Even though SEPs are often used for quantitative analysis of neural function in animal models in the literature,^10,11 little attention is paid to the fact that the measures are vulnerable to contamination from experimental factors such as anaesthetic delivery. Neglecting this source of artefact may lead to increased variability in the data and consequently, for example, raise the number of subjects included in the study unnecessarily. The current study showed the crucial role of a correct anaesthetic dosage in carrying out accurate SEP measurements using rats. In line with previous findings, ¹² increasing the anaesthetic concentration significantly suppressed the SEP amplitude, emphasizing the importance of carefully controlled fixed anaesthetic delivery during the measurement and between consecutive recordings. Based on the results of the current study, 1.5% isoflurane concentration is suggested to be used when SEPs are being recorded in a rat model. This dosage resulted in the highest SEP amplitude and thus the best signal-to-noise ratio which is of interest especially when dealing with a model which includes possible neural injury. Lighter concentrations led to inadequate anaesthesia and unintentional limb movement which contaminated the recordings. A 1.5% concentration achieved the best signal-to-noise ratio; and equally, or even more, important to this was the fact that the repeatability of the measurements was comparable with that of the other concentrations.

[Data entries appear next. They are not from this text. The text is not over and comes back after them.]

lemma cot_in_span_roots_of_unity:
  assumes "4 dvd q" and "0 < d" and "d < q"
  shows "cot (of_real pi * (of_nat d / of_nat q)) \<in> Q.span (roots_of_unity q)"
proof -
  define x :: complex where "x = of_real pi * (of_nat d / of_nat q)"
  define w where "w = exp (2 * \<i> * x)"
  define T where "T = (\<Sum>k<q. of_nat k * w ^ k)"
  have "sin (pi * d / q) > 0"
    using assms(2,3) by (intro sin_gt_zero) (auto simp: field_simps)
  moreover have "sin x = of_real (sin (pi * d / q))"
    unfolding x_def by (simp flip: sin_of_real)
  ultimately have "sin x \<noteq> 0" by simp
  then have "w - 1 \<noteq> 0" by (simp add: w_def exp_two_ii_minus_one)
  have "w ^ q = 1"
  proof -
    have "w ^ q = exp (of_nat d * (2 * of_real pi * \<i>))"
      using assms(3) by (simp add: w_def x_def exp_of_nat_mult[symmetric] field_simps)
    also have "\<dots> = 1" by (simp add: exp_of_nat_mult)
    finally show ?thesis .
  qed
  have "cot x = \<i> * (w + 1) / (w - 1)"
    using \<open>sin x \<noteq> 0\<close> by (simp add: cot_def w_def exp_two_ii_minus_one exp_two_ii_plus_one)
  also have "\<dots> = of_rat (1 / of_nat q) * (\<i> * (w + 1) * T)"
  proof -
    have "(w - 1) * T = of_nat q"
      unfolding T_def using \<open>w ^ q = 1\<close> \<open>w - 1 \<noteq> 0\<close>
      by (simp add: geometric_weighted_sum_root_of_unity)
    then have "inverse (w - 1) = T / of_nat q"
      using \<open>w - 1 \<noteq> 0\<close> assms(3) by (auto simp: field_simps)
    then show ?thesis by (simp add: divide_inverse of_rat_inverse ac_simps)
  qed
  finally have cot_x: "cot x = of_rat (1 / of_nat q) * (\<i> * (w + 1) * T)" .
  let ?K = "Q.span (roots_of_unity q)"
  have power_w: "w ^ k \<in> ?K" for k
    using \<open>w ^ q = 1\<close>
    by (intro Q.span_base) (simp add: roots_of_unity_def power_mult[symmetric] mult.commute[of k] power_mult)
  have "\<i> \<in> ?K" using ii_in_roots_of_unity[OF assms(1)] by (rule Q.span_base)
  moreover have "w + 1 \<in> ?K" using power_w[of 1] power_w[of 0] by (simp add: Q.span_add)
  moreover have "T \<in> ?K" unfolding T_def by (intro Q.span_sum Q_span_of_nat_mult power_w)
  ultimately have "\<i> * (w + 1) * T \<in> ?K"
    by (intro Q_span_mult_closed[OF roots_of_unity_times one_in_roots_of_unity])
  then show ?thesis using cot_x Q_span_of_rat_mult unfolding x_def by metis
qed

definition digamma_frac :: "nat \<Rightarrow> nat \<Rightarrow> complex" where
  "digamma_frac N b = Digamma (of_nat b / of_nat N) + euler_mascheroni"

lemma digamma_frac_self: "0 < N \<Longrightarrow> digamma_frac N N = 0"
  by (simp add: digamma_frac_def)

lemma digamma_frac_double [simp]: "digamma_frac (2 * N) (2 * b) = digamma_frac N b"
  by (simp add: digamma_frac_def)

lemma harmH_eq_digamma_frac:
  assumes "0 < N" and "0 < b"
  shows "harmH (of_nat b / of_nat N) = digamma_frac N b + of_nat N / of_nat b"
proof -
  have "of_nat b / of_nat N \<noteq> (0 :: complex)" using assms by simp
  then show ?thesis
    using harmH_eq_Digamma[of "of_nat b / of_nat N"] Digamma_plus1[of "of_nat b / of_nat N"]
    by (simp add: digamma_frac_def)
qed
lemma set_integrable_payoff_integrand:
  assumes f: "type_density f" and \<eta>: "gen_strategy \<eta>"
  shows "set_integrable lborel {0..1}
    (\<lambda>u. f u * (\<eta> u * p * (1 - u) + (1 - \<eta> u) * (1 - p) * u))"
proof (rule type_density_set_integrable_mult[OF f _, of _ "1 + 2 * \<bar>p\<bar>"])
  have [measurable]: "\<eta> \<in> borel_measurable (restrict_space borel {0..1})"
    "(\<lambda>u. u) \<in> borel_measurable (restrict_space borel {0..1})"
    using \<eta> by (auto simp: gen_strategy_def intro: measurable_restrict_space1)
  show "(\<lambda>u. \<eta> u * p * (1 - u) + (1 - \<eta> u) * (1 - p) * u)
      \<in> borel_measurable (restrict_space borel {0..1})"
    by measurable
  fix u :: real assume u: "u \<in> {0..1}"
  have "0 \<le> \<eta> u" "\<eta> u \<le> 1"
    using \<eta> u by (auto simp: gen_strategy_def)
  then have weights: "0 \<le> \<eta> u * (1 - u)" "\<eta> u * (1 - u) \<le> 1"
    "0 \<le> (1 - \<eta> u) * u" "(1 - \<eta> u) * u \<le> 1"
    using u by (auto intro: mult_le_one)
  have "\<eta> u * p * (1 - u) + (1 - \<eta> u) * (1 - p) * u
      = (\<eta> u * (1 - u)) * p + ((1 - \<eta> u) * u) * (1 - p)"
    by (simp add: algebra_simps)
  then have "\<bar>\<eta> u * p * (1 - u) + (1 - \<eta> u) * (1 - p) * u\<bar>
      \<le> \<bar>(\<eta> u * (1 - u)) * p\<bar> + \<bar>((1 - \<eta> u) * u) * (1 - p)\<bar>"
    by (simp only: abs_triangle_ineq)
  also have "\<dots> \<le> \<bar>p\<bar> + \<bar>1 - p\<bar>"
    using weights by (intro add_mono) (simp_all add: abs_mult mult_left_le_one_le)
  also have "\<dots> \<le> 1 + 2 * \<bar>p\<bar>"
    by arith
  finally show "\<bar>\<eta> u * p * (1 - u) + (1 - \<eta> u) * (1 - p) * u\<bar> \<le> 1 + 2 * \<bar>p\<bar>" .
qed
(* Let $(F_\epsilon)_{\epsilon>0}$ be a perturbation of a cellular automaton such that $\mathcal{M}_{\lim}$ is uniformly approached. Then $\liminf_{\epsilon\to0}\mathrm{diam}(\mathcal{M}_\epsilon)=0$, that is, for all $\delta>0$ and all $\epsilon_0>0$ there exists $\epsilon<\epsilon_0$ with $\mathrm{diam}(\mathcal{M}_\epsilon)<\delta$.
   Context: $\mathcal{A}$ finite; $\mathcal{M}(\mathcal{A}^{\mathbb{Z}})$ is the set of shift-invariant Borel probability measures with the weak topology, metrized by $d_{\mathcal{M}}(\mu,\nu)=\sum_{n\ge0}2^{-n}\frac12\sum_{u\in\mathcal{A}^{[-n,n]}}|\mu([u])-\nu([u])|$. For a compact set $\mathcal{K}$, $\mathrm{diam}(\mathcal{K})=\max\{d_{\mathcal{M}}(\mu,\nu):\mu,\nu\in\mathcal{K}\}$. A perturbation of a CA $F$ (neighborhood $\mathcal{N}$, local rule $f$) is a family $(F_\epsilon)_{\epsilon>0}$ of probabilistic cellular automata with neighborhood $\mathcal{N}$ and local stochastic matrices $f_\epsilon$ with $f_\epsilon(u,f(u))\ge1-\epsilon$, acting on measures via $F_\epsilon(x,[w]_U)=\prod_{i\in U}f_\epsilon(x_{i+\mathcal{N}},w_i)$. $\mathcal{M}_\epsilon$ is the set of $\mu\in\mathcal{M}(\mathcal{A}^{\mathbb{Z}})$ with $F_\epsilon\mu=\mu$; $\mathcal{M}_{\lim}$ is the set of limits of sequences $\mu_n\in\mathcal{M}_{\epsilon_n}$ with $\epsilon_n\to0$, $\epsilon_n>0$. $\mathcal{M}_{\lim}$ is uniformly approached if for every family $(\pi_\epsilon)_{\epsilon>0}$ with $\pi_\epsilon\in\mathcal{M}_\epsilon$, the set of accumulation points of $\pi_\epsilon$ as $\epsilon\to0$ equals $\mathcal{M}_{\lim}$. *)

theory Defs
  imports "HOL-Probability.Probability"
begin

This indicates the stability of the recordings at this lowest feasible concentration which, in combination with this optimal signal-to-noise ratio, guarantees the best conditions for SEP measurements. Even though in this study only the effects of isoflurane were being studied, similar results can be expected when using other anaesthetics with GABAergic pharmacodynamics. With these drugs, a similar approach is suggested when optimizing the anaesthetic delivery to achieve a high quality in SEP recordings.